[[ RECORDS FOR THE EXERCISE, beginning ]]

(* Each of the following thirteen representations $\eta_i:\mathrm{STVB}_2\to M_3(\mathbb{C})$ (for every admissible choice of complex parameters) is unfaithful, i.e. not injective. Each $\eta_i$ is given by $2\times2$ matrices $S,R,T,G$ via $\eta_i(\sigma_1)=S\oplus1$, $\eta_i(\sigma_1^{-1})=S^{-1}\oplus1$, $\eta_i(\rho_1)=R\oplus1$, $\eta_i(\tau_1)=T\oplus1$, $\eta_i(\gamma_1)=G\oplus1$, $\eta_i(\gamma_2)=1\oplus G$: (1) $S=\begin{pmatrix}a&b\\ \frac{b}{x^2}&a\end{pmatrix}$, $R=\begin{pmatrix}0&x\\ \frac1x&0\end{pmatrix}$, $T=\begin{pmatrix}f&g\\ \frac{g}{x^2}&f\end{pmatrix}$, $G=\mathrm{diag}(-1,1)$, $a^2x^2-b^2\neq0$, $x\neq0$; (2) $S=\begin{pmatrix}a&b\\ \frac{b-bz^2}{x^2}&\frac{ax+2bz}{x}\end{pmatrix}$, $R=\begin{pmatrix}-z&x\\ \frac{1-z^2}{x}&z\end{pmatrix}$, $T=\begin{pmatrix}f&g\\ \frac{g-gz^2}{x^2}&\frac{fx+2gz}{x}\end{pmatrix}$, $G=I_2$, $a^2x^2+2abxz-b^2+b^2z^2\neq0$, $x\neq0$; (3) $S=\begin{pmatrix}a&b\\ c&d\end{pmatrix}$, $R=-I_2$, $T=\begin{pmatrix}f&g\\ \frac{cg}{b}&\frac{bf-ag+dg}{b}\end{pmatrix}$, $G=I_2$, $ad-bc\neq0$, $b\neq0$; (4) as (3) but $R=I_2$; (5) $S=aI_2$, $R=-I_2$, $T=\begin{pmatrix}f&g\\ h&k\end{pmatrix}$, $G=I_2$, $a\neq0$; (6) $S=\begin{pmatrix}a&0\\ c&d\end{pmatrix}$, $R=-I_2$, $T=\begin{pmatrix}f&0\\ h&\frac{cf-ah+dh}{c}\end{pmatrix}$, $G=I_2$, $ad\neq0$, $c\neq0$; (7) $S=\begin{pmatrix}a&0\\ c&\frac{-2c+ay}{y}\end{pmatrix}$, $R=\begin{pmatrix}1&0\\ y&-1\end{pmatrix}$, $T=\begin{pmatrix}f&0\\ h&\frac{-2h+fy}{y}\end{pmatrix}$, $G=I_2$, $a(-2c+ay)\neq0$, $y\neq0$; (8) $S=\begin{pmatrix}a&0\\ c&\frac{2c+ay}{y}\end{pmatrix}$, $R=\begin{pmatrix}-1&0\\ y&1\end{pmatrix}$, $T=\begin{pmatrix}f&0\\ h&\frac{2h+fy}{y}\end{pmatrix}$, $G=I_2$, $a(2c+ay)\neq0$, $y\neq0$; (9) $S=aI_2$, $R=I_2$, $T=\begin{pmatrix}f&g\\ h&k\end{pmatrix}$, $G=I_2$, $a\neq0$; (10) as (6) but $R=I_2$; (11) $S=\mathrm{diag}(a,d)$, $R=\mathrm{diag}(1,-1)$, $T=\mathrm{diag}(f,k)$, $G=I_2$, $ad\neq0$; (12) $S=\mathrm{diag}(a,d)$, $R=\mathrm{diag}(-1,1)$, $T=\mathrm{diag}(f,k)$, $G=I_2$, $ad\neq0$; (13) $S=\mathrm{diag}(a,d)$, $R=I_2$, $T=\mathrm{diag}(f,k)$, $G=I_2$, $ad\neq0$.
   Context: The singular twisted virtual braid monoid $\mathrm{STVB}_2$ is the monoid generated by $\sigma_1,\sigma_1^{-1},\rho_1,\tau_1,\gamma_1,\gamma_2$ with defining relations $\sigma_1\sigma_1^{-1}=\sigma_1^{-1}\sigma_1=1$, $\rho_1^2=1$, $\gamma_1^2=\gamma_2^2=1$, $\gamma_1\gamma_2=\gamma_2\gamma_1$, $\rho_1\gamma_1=\gamma_2\rho_1$, $\rho_1\sigma_1\rho_1=\gamma_2\gamma_1\sigma_1\gamma_1\gamma_2$, $\sigma_1\tau_1=\tau_1\sigma_1$, $\rho_1\tau_1\rho_1=\gamma_2\gamma_1\tau_1\gamma_1\gamma_2$. A representation of $\mathrm{STVB}_2$ in $M_3(\mathbb{C})$ is a monoid homomorphism; it is faithful if injective. For a $2\times2$ matrix $M$, $M\oplus1=\begin{pmatrix}M&0\\0&1\end{pmatrix}$ and $1\oplus M=\begin{pmatrix}1&0\\0&M\end{pmatrix}$. *)

theory Defs
  imports Complex_Main "Jordan_Normal_Form.Matrix"
begin

datatype gen = Sig | SigInv | Rho | Tau | Gam1 | Gam2

definition stvb_rels :: "(gen list \<times> gen list) set" where
  "stvb_rels =
    {([Sig, SigInv], []), ([SigInv, Sig], []),
     ([Rho, Rho], []), ([Gam1, Gam1], []), ([Gam2, Gam2], []),
     ([Gam1, Gam2], [Gam2, Gam1]),
     ([Rho, Gam1], [Gam2, Rho]),
     ([Rho, Sig, Rho], [Gam2, Gam1, Sig, Gam1, Gam2]),
     ([Sig, Tau], [Tau, Sig]),
     ([Rho, Tau, Rho], [Gam2, Gam1, Tau, Gam1, Gam2])}"

text \<open>The monoid congruence on words generated by the relations;
  STVB_2 is the quotient of the free monoid by this congruence.\<close>
inductive stvb_eq :: "gen list \<Rightarrow> gen list \<Rightarrow> bool" where
  rel: "(u, v) \<in> stvb_rels \<Longrightarrow> stvb_eq (p @ u @ q) (p @ v @ q)"
| refl: "stvb_eq w w"
| sym: "stvb_eq u v \<Longrightarrow> stvb_eq v u"
| trans: "stvb_eq u v \<Longrightarrow> stvb_eq v w \<Longrightarrow> stvb_eq u w"

definition word_eval :: "(gen \<Rightarrow> complex mat) \<Rightarrow> gen list \<Rightarrow> complex mat" where
  "word_eval \<eta> w = foldr (\<lambda>g M. \<eta> g * M) w (1\<^sub>m 3)"

definition unfaithful :: "(gen \<Rightarrow> complex mat) \<Rightarrow> bool" where
  "unfaithful \<eta> \<longleftrightarrow> (\<exists>u v. \<not> stvb_eq u v \<and> word_eval \<eta> u = word_eval \<eta> v)"

definition mat2 :: "complex \<Rightarrow> complex \<Rightarrow> complex \<Rightarrow> complex \<Rightarrow> complex mat" where
  "mat2 a b c d = mat_of_rows_list 2 [[a, b], [c, d]]"

definition inv2 :: "complex mat \<Rightarrow> complex mat" where
  "inv2 M = (let a = M $$ (0,0); b = M $$ (0,1); c = M $$ (1,0); d = M $$ (1,1);
               \<delta> = a * d - b * c in mat2 (d / \<delta>) (- b / \<delta>) (- c / \<delta>) (a / \<delta>))"

definition oplus1 :: "complex mat \<Rightarrow> complex mat" where
  "oplus1 M = four_block_mat M (0\<^sub>m 2 1) (0\<^sub>m 1 2) (1\<^sub>m 1)"

definition one_oplus :: "complex mat \<Rightarrow> complex mat" where
  "one_oplus M = four_block_mat (1\<^sub>m 1) (0\<^sub>m 1 2) (0\<^sub>m 2 1) M"

fun eta :: "complex mat \<Rightarrow> complex mat \<Rightarrow> complex mat \<Rightarrow> complex mat \<Rightarrow> gen \<Rightarrow> complex mat" where
  "eta S R T G Sig = oplus1 S"
| "eta S R T G SigInv = oplus1 (inv2 S)"
| "eta S R T G Rho = oplus1 R"
| "eta S R T G Tau = oplus1 T"
| "eta S R T G Gam1 = oplus1 G"
| "eta S R T G Gam2 = one_oplus G"

end

theory Submission
  imports Defs
begin

text \<open>Two elementary obstructions suffice. In representations (2)--(13) we have \<open>G = I\<^sub>2\<close>,
  so \<open>\<gamma>\<^sub>1\<close> is sent to the identity. In representation (1) the matrix \<open>S\<close> equals
  \<open>a I\<^sub>2 + (b/x) R\<close>, so \<open>\<rho>\<^sub>1\<sigma>\<^sub>1\<close> and \<open>\<sigma>\<^sub>1\<rho>\<^sub>1\<close> have the same image.
  Neither \<open>\<gamma>\<^sub>1 = 1\<close> nor \<open>\<rho>\<^sub>1\<sigma>\<^sub>1 = \<sigma>\<^sub>1\<rho>\<^sub>1\<close> holds in \<open>STVB\<^sub>2\<close>, as the action of the
  monoid on \<open>\<int>\<^sup>2\<close> in which \<open>\<sigma>\<^sub>1\<close> translates by \<open>(1,-1)\<close>, \<open>\<tau>\<^sub>1\<close> is trivial, \<open>\<rho>\<^sub>1\<close> swaps
  the coordinates and \<open>\<gamma>\<^sub>1\<close>, \<open>\<gamma>\<^sub>2\<close> negate the first resp. second coordinate shows.\<close>

lemma foldr_eq_if_stvb_eq:
  assumes "\<And>u v. (u, v) \<in> stvb_rels \<Longrightarrow> foldr \<phi> u = foldr \<phi> v"
    and "stvb_eq u v"
  shows "foldr \<phi> u = foldr \<phi> v"
  using assms(2) by induction (auto simp: assms(1))

fun plane_action :: "gen \<Rightarrow> int \<times> int \<Rightarrow> int \<times> int" where
  "plane_action Sig (x, y) = (x + 1, y - 1)"
| "plane_action SigInv (x, y) = (x - 1, y + 1)"
| "plane_action Rho (x, y) = (y, x)"
| "plane_action Tau p = p"
| "plane_action Gam1 (x, y) = (- x, y)"
| "plane_action Gam2 (x, y) = (x, - y)"

lemma plane_action_respects_stvb_rels:
  "(u, v) \<in> stvb_rels \<Longrightarrow> foldr plane_action u = foldr plane_action v"
  unfolding stvb_rels_def by (auto intro!: ext)

lemma not_stvb_eq_if_plane_action_differs:
  "foldr plane_action u p \<noteq> foldr plane_action v p \<Longrightarrow> \<not> stvb_eq u v"
  using foldr_eq_if_stvb_eq[OF plane_action_respects_stvb_rels] by metis

lemma not_stvb_eq_Gam1_Nil: "\<not> stvb_eq [Gam1] []"
  by (rule not_stvb_eq_if_plane_action_differs[where p = "(1, 0)"]) simp

lemma not_stvb_eq_Rho_Sig_commute: "\<not> stvb_eq [Rho, Sig] [Sig, Rho]"
  by (rule not_stvb_eq_if_plane_action_differs[where p = "(0, 0)"]) simp

lemma unfaithful_if_Gam1_identity:
  "\<eta> Gam1 = 1\<^sub>m 3 \<Longrightarrow> unfaithful \<eta>"
  unfolding unfaithful_def word_eval_def
  using not_stvb_eq_Gam1_Nil by force

lemma unfaithful_if_Rho_Sig_commute:
  assumes "\<eta> Rho \<in> carrier_mat 3 3" "\<eta> Sig \<in> carrier_mat 3 3"
    and "\<eta> Rho * \<eta> Sig = \<eta> Sig * \<eta> Rho"
  shows "unfaithful \<eta>"
  unfolding unfaithful_def word_eval_def
  using not_stvb_eq_Rho_Sig_commute assms by force

lemma oplus1_carrier_mat: "A \<in> carrier_mat 2 2 \<Longrightarrow> oplus1 A \<in> carrier_mat 3 3"
  unfolding oplus1_def
  using four_block_carrier_mat[of A 2 2 "1\<^sub>m 1" 1 1 "0\<^sub>m 2 1" "0\<^sub>m 1 2"] by simp

lemma oplus1_one: "oplus1 (1\<^sub>m 2) = 1\<^sub>m 3"
  unfolding oplus1_def using four_block_one_mat[of 2 1] by simp

lemma oplus1_mult:
  "A \<in> carrier_mat 2 2 \<Longrightarrow> B \<in> carrier_mat 2 2 \<Longrightarrow> oplus1 A * oplus1 B = oplus1 (A * B)"
  unfolding oplus1_def
  by (subst mult_four_block_mat[of A 2 2 "0\<^sub>m 2 1" 1 "0\<^sub>m 1 2" 1 "1\<^sub>m 1" B 2 "0\<^sub>m 2 1" 1
        "0\<^sub>m 1 2" "1\<^sub>m 1"]) simp_all

lemma unfaithful_eta_G_one: "unfaithful (eta S R T (1\<^sub>m 2))"
  by (rule unfaithful_if_Gam1_identity) (simp add: oplus1_one)

lemma unfaithful_eta_if_commute:
  assumes "S \<in> carrier_mat 2 2" "R \<in> carrier_mat 2 2" and "R * S = S * R"
  shows "unfaithful (eta S R T G)"
  by (rule unfaithful_if_Rho_Sig_commute) (simp_all add: assms oplus1_carrier_mat oplus1_mult)

lemma mat2_carrier_mat: "mat2 a b c d \<in> carrier_mat 2 2"
  unfolding mat2_def mat_of_rows_list_def by (simp add: numeral_2_eq_2)

lemma mat2_mult:
  "mat2 a b c d * mat2 a' b' c' d' = mat2 (a*a' + b*c') (a*b' + b*d') (c*a' + d*c') (c*b' + d*d')"
  by (rule eq_matI)
    (auto simp: mat2_def mat_of_rows_list_def scalar_prod_def row_def col_def
      numeral_2_eq_2 less_Suc_eq)

lemma unfaithful_eta_case1:
  assumes "x \<noteq> 0"
  shows "unfaithful (eta (mat2 a b (b / x^2) a) (mat2 0 x (1 / x) 0) T G)"
proof (rule unfaithful_eta_if_commute[OF mat2_carrier_mat mat2_carrier_mat])
  show "mat2 0 x (1 / x) 0 * mat2 a b (b / x^2) a = mat2 a b (b / x^2) a * mat2 0 x (1 / x) 0"
    unfolding mat2_mult using assms by (simp add: field_simps power2_eq_square)
qed

theorem theorem4p2:
  shows
  "(\<forall>a b x f g. a^2 * x^2 - b^2 \<noteq> 0 \<and> x \<noteq> 0 \<longrightarrow>
      unfaithful (eta (mat2 a b (b / x^2) a) (mat2 0 x (1 / x) 0) (mat2 f g (g / x^2) f) (mat2 (-1) 0 0 1)))
 \<and> (\<forall>a b x z f g. a^2 * x^2 + 2 * a * b * x * z - b^2 + b^2 * z^2 \<noteq> 0 \<and> x \<noteq> 0 \<longrightarrow>
      unfaithful (eta (mat2 a b ((b - b * z^2) / x^2) ((a * x + 2 * b * z) / x))
                      (mat2 (-z) x ((1 - z^2) / x) z)
                      (mat2 f g ((g - g * z^2) / x^2) ((f * x + 2 * g * z) / x)) (1\<^sub>m 2)))
 \<and> (\<forall>a b c d f g. a * d - b * c \<noteq> 0 \<and> b \<noteq> 0 \<longrightarrow>
      unfaithful (eta (mat2 a b c d) (- 1\<^sub>m 2) (mat2 f g (c * g / b) ((b * f - a * g + d * g) / b)) (1\<^sub>m 2)))
 \<and> (\<forall>a b c d f g. a * d - b * c \<noteq> 0 \<and> b \<noteq> 0 \<longrightarrow>
      unfaithful (eta (mat2 a b c d) (1\<^sub>m 2) (mat2 f g (c * g / b) ((b * f - a * g + d * g) / b)) (1\<^sub>m 2)))
 \<and> (\<forall>a f g h k. a \<noteq> 0 \<longrightarrow>
      unfaithful (eta (mat2 a 0 0 a) (- 1\<^sub>m 2) (mat2 f g h k) (1\<^sub>m 2)))
 \<and> (\<forall>a c d f h. a * d \<noteq> 0 \<and> c \<noteq> 0 \<longrightarrow>
      unfaithful (eta (mat2 a 0 c d) (- 1\<^sub>m 2) (mat2 f 0 h ((c * f - a * h + d * h) / c)) (1\<^sub>m 2)))
 \<and> (\<forall>a c y f h. a * (-2 * c + a * y) \<noteq> 0 \<and> y \<noteq> 0 \<longrightarrow>
      unfaithful (eta (mat2 a 0 c ((-2 * c + a * y) / y)) (mat2 1 0 y (-1))
                      (mat2 f 0 h ((-2 * h + f * y) / y)) (1\<^sub>m 2)))
 \<and> (\<forall>a c y f h. a * (2 * c + a * y) \<noteq> 0 \<and> y \<noteq> 0 \<longrightarrow>
      unfaithful (eta (mat2 a 0 c ((2 * c + a * y) / y)) (mat2 (-1) 0 y 1)
                      (mat2 f 0 h ((2 * h + f * y) / y)) (1\<^sub>m 2)))
 \<and> (\<forall>a f g h k. a \<noteq> 0 \<longrightarrow>
      unfaithful (eta (mat2 a 0 0 a) (1\<^sub>m 2) (mat2 f g h k) (1\<^sub>m 2)))
 \<and> (\<forall>a c d f h. a * d \<noteq> 0 \<and> c \<noteq> 0 \<longrightarrow>
      unfaithful (eta (mat2 a 0 c d) (1\<^sub>m 2) (mat2 f 0 h ((c * f - a * h + d * h) / c)) (1\<^sub>m 2)))
 \<and> (\<forall>a d f k. a * d \<noteq> 0 \<longrightarrow>
      unfaithful (eta (mat2 a 0 0 d) (mat2 1 0 0 (-1)) (mat2 f 0 0 k) (1\<^sub>m 2)))
 \<and> (\<forall>a d f k. a * d \<noteq> 0 \<longrightarrow>
      unfaithful (eta (mat2 a 0 0 d) (mat2 (-1) 0 0 1) (mat2 f 0 0 k) (1\<^sub>m 2)))
 \<and> (\<forall>a d f k. a * d \<noteq> 0 \<longrightarrow>
      unfaithful (eta (mat2 a 0 0 d) (1\<^sub>m 2) (mat2 f 0 0 k) (1\<^sub>m 2)))"
  by (simp add: unfaithful_eta_case1 unfaithful_eta_G_one)

end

[[ RECORDS FOR THE EXERCISE, end ]]

* TO DO:
Your reply should be the number of lines in the entries that contain "imports", nothing more.

* RESPONSE FOR THIS EXERCISE:
2